(Stored data entries)
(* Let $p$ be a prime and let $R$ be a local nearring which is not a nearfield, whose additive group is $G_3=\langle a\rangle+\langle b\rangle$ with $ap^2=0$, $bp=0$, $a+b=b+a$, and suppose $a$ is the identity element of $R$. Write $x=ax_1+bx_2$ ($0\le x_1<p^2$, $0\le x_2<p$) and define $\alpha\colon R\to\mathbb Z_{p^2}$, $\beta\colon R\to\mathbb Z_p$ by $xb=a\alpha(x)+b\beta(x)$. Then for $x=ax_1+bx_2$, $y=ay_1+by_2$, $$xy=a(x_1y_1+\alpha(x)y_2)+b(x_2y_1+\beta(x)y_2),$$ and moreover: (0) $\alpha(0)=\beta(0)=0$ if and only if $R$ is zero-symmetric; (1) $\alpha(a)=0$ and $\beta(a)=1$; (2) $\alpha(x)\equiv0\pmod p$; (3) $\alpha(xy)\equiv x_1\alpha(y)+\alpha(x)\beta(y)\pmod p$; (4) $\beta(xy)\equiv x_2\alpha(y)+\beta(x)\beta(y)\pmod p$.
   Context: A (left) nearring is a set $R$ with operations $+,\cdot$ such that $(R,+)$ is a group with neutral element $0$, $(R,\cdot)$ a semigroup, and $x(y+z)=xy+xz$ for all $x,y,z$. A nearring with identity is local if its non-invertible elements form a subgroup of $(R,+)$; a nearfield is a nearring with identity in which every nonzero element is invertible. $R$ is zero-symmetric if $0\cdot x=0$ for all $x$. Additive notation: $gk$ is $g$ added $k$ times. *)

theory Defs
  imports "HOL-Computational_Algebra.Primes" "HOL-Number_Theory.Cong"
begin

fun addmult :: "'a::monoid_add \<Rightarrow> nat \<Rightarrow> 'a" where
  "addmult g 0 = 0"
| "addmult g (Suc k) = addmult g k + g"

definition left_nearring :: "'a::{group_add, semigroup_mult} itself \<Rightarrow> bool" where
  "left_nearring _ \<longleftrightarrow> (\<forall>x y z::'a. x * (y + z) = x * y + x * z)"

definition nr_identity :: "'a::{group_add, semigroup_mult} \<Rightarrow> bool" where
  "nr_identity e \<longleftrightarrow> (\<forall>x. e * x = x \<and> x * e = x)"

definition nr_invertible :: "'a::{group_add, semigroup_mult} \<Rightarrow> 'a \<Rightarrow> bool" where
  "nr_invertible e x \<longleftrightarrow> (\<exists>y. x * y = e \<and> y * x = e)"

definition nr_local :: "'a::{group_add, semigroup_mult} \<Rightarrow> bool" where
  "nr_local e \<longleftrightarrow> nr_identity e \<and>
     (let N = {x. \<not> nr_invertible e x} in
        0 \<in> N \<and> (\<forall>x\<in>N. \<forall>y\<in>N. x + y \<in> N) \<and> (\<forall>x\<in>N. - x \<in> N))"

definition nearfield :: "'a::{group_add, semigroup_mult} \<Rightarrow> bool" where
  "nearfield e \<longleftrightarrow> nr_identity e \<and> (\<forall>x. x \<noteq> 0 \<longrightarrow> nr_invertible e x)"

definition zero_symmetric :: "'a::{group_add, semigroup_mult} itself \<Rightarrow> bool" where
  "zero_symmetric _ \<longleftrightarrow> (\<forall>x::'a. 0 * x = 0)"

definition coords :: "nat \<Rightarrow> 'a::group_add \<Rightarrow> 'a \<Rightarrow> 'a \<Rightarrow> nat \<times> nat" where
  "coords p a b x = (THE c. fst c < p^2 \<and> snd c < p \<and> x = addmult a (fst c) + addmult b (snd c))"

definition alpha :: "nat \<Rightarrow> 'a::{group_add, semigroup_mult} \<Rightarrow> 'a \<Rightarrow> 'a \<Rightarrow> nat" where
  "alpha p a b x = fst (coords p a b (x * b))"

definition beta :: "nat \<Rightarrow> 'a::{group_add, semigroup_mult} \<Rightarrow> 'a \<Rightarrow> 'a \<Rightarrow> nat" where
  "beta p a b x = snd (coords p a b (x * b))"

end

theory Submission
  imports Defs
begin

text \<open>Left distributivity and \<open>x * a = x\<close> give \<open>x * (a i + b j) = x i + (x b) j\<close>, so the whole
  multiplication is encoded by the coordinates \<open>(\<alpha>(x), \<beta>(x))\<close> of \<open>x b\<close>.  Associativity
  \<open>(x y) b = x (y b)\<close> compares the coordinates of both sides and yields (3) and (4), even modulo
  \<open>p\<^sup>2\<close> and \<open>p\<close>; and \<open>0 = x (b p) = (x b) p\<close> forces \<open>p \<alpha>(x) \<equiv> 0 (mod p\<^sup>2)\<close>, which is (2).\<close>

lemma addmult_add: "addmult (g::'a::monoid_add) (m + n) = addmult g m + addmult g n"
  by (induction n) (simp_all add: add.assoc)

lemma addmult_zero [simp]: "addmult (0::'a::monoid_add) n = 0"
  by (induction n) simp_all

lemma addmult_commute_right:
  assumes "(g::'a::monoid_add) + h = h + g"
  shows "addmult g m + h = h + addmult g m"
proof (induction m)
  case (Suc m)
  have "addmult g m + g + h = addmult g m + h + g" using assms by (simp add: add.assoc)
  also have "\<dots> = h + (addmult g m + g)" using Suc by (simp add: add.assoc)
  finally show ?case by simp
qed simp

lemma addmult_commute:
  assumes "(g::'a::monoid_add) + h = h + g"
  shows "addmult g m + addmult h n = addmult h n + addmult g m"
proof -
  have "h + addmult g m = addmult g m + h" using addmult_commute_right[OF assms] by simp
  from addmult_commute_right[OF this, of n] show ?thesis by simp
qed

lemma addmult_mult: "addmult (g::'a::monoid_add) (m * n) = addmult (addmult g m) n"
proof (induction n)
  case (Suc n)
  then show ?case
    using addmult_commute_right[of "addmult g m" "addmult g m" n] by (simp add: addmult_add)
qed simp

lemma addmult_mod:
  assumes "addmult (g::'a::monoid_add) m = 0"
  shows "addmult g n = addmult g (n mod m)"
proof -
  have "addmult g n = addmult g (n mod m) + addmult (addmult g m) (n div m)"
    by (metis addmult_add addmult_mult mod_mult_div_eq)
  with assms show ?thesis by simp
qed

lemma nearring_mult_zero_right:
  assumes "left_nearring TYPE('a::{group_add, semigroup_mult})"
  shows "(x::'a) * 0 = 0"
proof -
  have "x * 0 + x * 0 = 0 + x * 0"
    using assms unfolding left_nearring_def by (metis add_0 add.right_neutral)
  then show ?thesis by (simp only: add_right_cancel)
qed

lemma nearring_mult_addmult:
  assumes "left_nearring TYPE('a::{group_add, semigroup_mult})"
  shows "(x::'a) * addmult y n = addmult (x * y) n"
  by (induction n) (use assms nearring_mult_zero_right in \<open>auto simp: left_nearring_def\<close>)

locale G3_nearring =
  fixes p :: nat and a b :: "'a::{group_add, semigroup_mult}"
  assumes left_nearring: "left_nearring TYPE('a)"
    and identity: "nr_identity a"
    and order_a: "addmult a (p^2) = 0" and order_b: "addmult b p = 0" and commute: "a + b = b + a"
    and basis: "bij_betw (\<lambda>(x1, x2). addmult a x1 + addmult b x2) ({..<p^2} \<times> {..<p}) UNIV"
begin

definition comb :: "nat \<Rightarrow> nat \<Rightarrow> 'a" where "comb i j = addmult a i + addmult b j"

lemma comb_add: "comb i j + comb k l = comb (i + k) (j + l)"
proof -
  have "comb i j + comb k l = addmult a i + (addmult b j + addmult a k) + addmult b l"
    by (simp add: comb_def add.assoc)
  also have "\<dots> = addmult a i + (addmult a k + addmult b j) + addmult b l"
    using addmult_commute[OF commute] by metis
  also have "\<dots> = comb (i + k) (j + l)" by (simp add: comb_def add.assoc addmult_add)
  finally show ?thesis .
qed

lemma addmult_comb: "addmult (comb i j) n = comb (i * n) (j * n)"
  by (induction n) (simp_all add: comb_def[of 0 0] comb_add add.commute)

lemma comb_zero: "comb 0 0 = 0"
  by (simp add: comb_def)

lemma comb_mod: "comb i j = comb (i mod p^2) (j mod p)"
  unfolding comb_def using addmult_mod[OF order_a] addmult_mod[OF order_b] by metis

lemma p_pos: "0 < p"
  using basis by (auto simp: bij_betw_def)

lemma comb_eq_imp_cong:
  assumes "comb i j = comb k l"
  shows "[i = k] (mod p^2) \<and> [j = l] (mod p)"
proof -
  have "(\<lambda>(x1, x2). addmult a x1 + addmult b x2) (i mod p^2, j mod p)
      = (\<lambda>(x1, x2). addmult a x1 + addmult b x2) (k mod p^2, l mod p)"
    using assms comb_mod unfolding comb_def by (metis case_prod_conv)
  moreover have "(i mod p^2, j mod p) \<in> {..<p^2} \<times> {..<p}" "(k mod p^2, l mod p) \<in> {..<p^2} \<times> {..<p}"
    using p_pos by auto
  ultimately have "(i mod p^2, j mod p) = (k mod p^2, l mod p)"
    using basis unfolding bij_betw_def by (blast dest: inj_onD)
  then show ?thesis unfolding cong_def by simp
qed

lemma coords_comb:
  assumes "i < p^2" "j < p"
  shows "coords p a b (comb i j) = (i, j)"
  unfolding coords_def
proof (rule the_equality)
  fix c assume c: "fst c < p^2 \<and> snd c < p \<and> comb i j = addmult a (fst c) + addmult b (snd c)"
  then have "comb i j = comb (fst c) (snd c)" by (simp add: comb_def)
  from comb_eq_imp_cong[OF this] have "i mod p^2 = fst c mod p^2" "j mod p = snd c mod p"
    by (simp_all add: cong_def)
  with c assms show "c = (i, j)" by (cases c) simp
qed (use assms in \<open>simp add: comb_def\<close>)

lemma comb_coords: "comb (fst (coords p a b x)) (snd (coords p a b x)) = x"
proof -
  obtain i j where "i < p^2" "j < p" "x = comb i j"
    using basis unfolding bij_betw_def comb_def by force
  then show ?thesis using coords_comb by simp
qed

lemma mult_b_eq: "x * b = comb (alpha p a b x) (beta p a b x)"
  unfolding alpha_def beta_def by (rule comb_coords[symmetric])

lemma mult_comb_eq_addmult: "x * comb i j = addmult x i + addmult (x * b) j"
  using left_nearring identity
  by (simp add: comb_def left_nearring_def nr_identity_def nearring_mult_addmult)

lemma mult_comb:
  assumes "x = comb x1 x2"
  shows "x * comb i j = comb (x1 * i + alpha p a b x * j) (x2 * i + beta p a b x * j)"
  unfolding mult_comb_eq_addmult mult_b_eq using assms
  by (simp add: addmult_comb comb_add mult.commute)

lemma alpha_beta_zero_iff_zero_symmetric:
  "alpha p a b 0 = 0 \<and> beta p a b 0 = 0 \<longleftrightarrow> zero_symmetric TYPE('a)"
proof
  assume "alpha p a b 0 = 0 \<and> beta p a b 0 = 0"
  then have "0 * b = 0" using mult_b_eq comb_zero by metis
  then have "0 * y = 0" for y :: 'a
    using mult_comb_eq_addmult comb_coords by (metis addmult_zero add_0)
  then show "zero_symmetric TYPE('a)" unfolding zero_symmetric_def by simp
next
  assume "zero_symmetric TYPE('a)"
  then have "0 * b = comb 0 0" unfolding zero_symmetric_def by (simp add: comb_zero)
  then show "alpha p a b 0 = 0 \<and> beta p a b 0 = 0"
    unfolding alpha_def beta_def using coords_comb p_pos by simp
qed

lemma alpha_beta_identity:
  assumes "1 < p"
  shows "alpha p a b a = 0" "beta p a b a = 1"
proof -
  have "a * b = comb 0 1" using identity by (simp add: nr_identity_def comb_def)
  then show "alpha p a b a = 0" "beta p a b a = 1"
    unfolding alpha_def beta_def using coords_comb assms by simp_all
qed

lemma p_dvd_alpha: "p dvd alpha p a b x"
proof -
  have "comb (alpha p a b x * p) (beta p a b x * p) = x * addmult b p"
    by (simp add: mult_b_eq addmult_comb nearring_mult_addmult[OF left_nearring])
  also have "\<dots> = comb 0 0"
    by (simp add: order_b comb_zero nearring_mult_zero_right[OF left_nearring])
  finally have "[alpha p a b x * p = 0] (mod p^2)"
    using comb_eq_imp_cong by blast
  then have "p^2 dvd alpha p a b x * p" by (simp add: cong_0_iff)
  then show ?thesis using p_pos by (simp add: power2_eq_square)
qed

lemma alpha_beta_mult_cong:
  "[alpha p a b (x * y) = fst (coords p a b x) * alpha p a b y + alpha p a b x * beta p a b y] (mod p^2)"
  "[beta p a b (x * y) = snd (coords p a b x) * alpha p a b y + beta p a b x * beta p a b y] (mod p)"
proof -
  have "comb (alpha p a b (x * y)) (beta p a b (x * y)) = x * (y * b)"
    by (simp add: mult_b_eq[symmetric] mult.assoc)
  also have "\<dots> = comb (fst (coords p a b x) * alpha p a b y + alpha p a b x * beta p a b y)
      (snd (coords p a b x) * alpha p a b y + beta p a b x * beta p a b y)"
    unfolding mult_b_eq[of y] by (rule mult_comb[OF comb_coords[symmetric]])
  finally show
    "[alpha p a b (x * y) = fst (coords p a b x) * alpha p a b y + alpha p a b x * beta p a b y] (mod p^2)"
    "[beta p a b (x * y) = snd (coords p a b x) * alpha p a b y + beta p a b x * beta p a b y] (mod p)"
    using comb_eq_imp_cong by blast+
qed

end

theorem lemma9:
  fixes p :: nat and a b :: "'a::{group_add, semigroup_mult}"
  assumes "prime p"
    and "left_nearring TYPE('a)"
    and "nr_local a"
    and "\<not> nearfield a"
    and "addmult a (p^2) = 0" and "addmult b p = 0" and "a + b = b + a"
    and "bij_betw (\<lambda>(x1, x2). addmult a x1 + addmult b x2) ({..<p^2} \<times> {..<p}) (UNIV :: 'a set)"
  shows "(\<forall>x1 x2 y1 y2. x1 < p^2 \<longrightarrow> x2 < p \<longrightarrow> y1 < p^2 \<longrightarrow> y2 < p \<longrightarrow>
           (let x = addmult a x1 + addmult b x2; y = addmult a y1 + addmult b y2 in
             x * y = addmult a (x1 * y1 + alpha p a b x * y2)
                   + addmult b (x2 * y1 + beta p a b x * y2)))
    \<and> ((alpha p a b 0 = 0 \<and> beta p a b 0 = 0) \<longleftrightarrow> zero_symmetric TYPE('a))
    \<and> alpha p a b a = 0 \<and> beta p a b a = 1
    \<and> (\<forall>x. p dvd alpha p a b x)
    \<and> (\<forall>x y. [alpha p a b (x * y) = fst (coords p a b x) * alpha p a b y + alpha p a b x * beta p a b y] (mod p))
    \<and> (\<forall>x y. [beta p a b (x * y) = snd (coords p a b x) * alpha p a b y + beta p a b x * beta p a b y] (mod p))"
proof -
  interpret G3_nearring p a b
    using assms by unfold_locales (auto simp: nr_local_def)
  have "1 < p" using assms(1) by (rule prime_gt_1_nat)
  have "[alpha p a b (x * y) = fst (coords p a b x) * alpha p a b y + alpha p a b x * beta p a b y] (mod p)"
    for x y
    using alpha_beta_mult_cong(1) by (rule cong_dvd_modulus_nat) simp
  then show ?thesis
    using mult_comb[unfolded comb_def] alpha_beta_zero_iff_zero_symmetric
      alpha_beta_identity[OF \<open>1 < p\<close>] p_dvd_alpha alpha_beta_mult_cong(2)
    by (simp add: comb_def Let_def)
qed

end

---

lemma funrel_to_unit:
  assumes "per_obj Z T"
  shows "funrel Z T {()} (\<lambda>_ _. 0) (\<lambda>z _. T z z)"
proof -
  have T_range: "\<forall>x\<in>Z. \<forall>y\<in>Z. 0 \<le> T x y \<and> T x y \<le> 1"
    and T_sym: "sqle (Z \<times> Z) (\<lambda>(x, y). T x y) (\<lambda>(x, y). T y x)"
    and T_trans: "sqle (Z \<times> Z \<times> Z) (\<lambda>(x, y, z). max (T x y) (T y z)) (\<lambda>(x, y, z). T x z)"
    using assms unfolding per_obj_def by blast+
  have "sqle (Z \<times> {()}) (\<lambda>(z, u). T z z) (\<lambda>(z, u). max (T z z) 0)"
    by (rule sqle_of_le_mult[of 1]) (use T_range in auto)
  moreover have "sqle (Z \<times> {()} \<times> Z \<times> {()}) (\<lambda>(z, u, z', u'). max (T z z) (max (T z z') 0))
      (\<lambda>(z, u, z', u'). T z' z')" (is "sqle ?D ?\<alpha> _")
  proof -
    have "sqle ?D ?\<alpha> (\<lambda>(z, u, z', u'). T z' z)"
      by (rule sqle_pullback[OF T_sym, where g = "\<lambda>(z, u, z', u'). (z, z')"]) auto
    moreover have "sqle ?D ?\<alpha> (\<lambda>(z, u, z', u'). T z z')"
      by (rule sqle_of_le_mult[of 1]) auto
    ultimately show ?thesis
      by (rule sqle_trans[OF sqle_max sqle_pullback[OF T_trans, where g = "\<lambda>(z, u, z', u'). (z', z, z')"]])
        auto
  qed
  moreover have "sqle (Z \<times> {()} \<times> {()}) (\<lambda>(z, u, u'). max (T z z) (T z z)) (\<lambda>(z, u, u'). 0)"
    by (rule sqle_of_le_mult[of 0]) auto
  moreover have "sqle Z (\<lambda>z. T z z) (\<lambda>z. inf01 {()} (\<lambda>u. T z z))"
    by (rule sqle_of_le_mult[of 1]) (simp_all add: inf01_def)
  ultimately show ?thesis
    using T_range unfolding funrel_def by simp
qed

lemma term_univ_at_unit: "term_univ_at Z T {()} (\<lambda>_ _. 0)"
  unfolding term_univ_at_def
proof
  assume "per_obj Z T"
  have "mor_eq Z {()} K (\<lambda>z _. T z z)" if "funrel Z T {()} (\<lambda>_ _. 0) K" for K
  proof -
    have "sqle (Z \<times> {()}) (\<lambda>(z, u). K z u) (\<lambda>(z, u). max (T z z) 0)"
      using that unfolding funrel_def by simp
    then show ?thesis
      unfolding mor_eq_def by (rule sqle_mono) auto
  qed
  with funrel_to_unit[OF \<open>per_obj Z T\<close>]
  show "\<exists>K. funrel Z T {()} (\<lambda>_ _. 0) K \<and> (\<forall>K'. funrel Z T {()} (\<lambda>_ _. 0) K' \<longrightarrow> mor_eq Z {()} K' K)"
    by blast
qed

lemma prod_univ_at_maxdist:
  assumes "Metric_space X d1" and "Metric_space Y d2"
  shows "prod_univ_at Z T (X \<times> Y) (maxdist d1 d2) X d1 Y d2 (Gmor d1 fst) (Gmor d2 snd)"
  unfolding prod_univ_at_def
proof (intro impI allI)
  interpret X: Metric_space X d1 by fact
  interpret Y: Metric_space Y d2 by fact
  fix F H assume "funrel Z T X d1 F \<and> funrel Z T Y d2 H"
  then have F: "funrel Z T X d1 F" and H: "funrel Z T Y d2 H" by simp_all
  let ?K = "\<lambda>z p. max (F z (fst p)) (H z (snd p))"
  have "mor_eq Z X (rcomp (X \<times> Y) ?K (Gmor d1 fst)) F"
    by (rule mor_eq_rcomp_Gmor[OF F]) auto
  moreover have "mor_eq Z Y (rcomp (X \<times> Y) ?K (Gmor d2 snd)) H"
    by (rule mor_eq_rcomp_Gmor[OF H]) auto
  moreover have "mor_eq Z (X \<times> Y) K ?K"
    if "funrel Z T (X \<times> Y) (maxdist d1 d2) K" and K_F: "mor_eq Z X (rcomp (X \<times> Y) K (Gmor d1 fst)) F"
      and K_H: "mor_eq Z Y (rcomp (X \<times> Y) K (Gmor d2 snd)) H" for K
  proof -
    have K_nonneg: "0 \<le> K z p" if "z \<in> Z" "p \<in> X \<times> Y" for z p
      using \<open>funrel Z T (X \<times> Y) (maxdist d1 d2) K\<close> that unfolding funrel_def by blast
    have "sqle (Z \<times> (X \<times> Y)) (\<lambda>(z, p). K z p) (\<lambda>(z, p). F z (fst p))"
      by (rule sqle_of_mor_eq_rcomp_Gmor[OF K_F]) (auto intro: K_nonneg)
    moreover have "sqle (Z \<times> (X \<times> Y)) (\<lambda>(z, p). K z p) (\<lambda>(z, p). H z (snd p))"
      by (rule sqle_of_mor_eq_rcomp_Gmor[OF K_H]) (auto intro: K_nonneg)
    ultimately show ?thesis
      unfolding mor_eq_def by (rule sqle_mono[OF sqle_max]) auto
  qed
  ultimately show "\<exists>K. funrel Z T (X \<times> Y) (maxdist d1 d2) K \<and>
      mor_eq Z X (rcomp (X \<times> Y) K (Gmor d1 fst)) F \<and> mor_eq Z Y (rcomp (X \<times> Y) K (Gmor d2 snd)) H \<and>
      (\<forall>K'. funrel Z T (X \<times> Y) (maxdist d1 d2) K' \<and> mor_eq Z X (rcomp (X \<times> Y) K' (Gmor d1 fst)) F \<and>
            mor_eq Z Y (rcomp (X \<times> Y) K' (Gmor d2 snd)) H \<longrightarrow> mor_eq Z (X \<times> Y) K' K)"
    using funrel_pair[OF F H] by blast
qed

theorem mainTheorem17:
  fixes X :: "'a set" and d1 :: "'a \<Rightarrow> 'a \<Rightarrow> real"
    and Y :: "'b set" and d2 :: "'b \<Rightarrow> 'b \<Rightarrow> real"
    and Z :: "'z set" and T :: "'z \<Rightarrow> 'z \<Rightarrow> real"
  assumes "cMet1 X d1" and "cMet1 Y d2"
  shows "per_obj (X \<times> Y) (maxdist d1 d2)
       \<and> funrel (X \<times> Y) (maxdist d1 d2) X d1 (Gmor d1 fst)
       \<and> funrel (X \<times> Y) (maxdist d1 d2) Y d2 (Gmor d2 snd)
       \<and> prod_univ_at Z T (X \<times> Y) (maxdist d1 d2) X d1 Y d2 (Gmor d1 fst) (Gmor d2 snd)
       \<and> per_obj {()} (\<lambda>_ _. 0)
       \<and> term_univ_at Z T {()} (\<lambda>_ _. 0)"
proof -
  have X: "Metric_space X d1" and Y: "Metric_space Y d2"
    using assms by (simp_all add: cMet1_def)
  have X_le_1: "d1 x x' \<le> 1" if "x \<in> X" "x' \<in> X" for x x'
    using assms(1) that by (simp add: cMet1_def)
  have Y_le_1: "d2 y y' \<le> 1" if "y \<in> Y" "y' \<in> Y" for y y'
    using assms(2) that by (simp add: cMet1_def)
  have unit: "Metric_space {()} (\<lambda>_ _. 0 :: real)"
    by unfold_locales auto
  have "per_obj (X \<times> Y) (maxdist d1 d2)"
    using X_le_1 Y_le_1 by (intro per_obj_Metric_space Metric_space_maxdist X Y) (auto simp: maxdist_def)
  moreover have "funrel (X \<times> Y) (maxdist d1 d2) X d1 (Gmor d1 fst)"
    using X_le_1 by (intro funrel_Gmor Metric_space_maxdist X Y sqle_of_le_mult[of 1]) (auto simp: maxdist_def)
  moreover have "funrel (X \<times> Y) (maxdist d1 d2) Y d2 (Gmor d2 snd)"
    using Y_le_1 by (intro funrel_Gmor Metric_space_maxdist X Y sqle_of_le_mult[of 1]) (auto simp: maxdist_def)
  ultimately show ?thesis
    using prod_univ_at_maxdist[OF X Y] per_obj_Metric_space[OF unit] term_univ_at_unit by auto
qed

* [Instructions for the task] Write down exactly the span of lines above from the one containing "(* Let $p$ be" to the one containing "k) = addmult", both ends included.

* [Expected output]
(* Let $p$ be a prime and let $R$ be a local nearring which is not a nearfield, whose additive group is $G_3=\langle a\rangle+\langle b\rangle$ with $ap^2=0$, $bp=0$, $a+b=b+a$, and suppose $a$ is the identity element of $R$. Write $x=ax_1+bx_2$ ($0\le x_1<p^2$, $0\le x_2<p$) and define $\alpha\colon R\to\mathbb Z_{p^2}$, $\beta\colon R\to\mathbb Z_p$ by $xb=a\alpha(x)+b\beta(x)$. Then for $x=ax_1+bx_2$, $y=ay_1+by_2$, $$xy=a(x_1y_1+\alpha(x)y_2)+b(x_2y_1+\beta(x)y_2),$$ and moreover: (0) $\alpha(0)=\beta(0)=0$ if and only if $R$ is zero-symmetric; (1) $\alpha(a)=0$ and $\beta(a)=1$; (2) $\alpha(x)\equiv0\pmod p$; (3) $\alpha(xy)\equiv x_1\alpha(y)+\alpha(x)\beta(y)\pmod p$; (4) $\beta(xy)\equiv x_2\alpha(y)+\beta(x)\beta(y)\pmod p$.
   Context: A (left) nearring is a set $R$ with operations $+,\cdot$ such that $(R,+)$ is a group with neutral element $0$, $(R,\cdot)$ a semigroup, and $x(y+z)=xy+xz$ for all $x,y,z$. A nearring with identity is local if its non-invertible elements form a subgroup of $(R,+)$; a nearfield is a nearring with identity in which every nonzero element is invertible. $R$ is zero-symmetric if $0\cdot x=0$ for all $x$. Additive notation: $gk$ is $g$ added $k$ times. *)

theory Defs
  imports "HOL-Computational_Algebra.Primes" "HOL-Number_Theory.Cong"
begin

fun addmult :: "'a::monoid_add \<Rightarrow> nat \<Rightarrow> 'a" where
  "addmult g 0 = 0"
| "addmult g (Suc k) = addmult g k + g"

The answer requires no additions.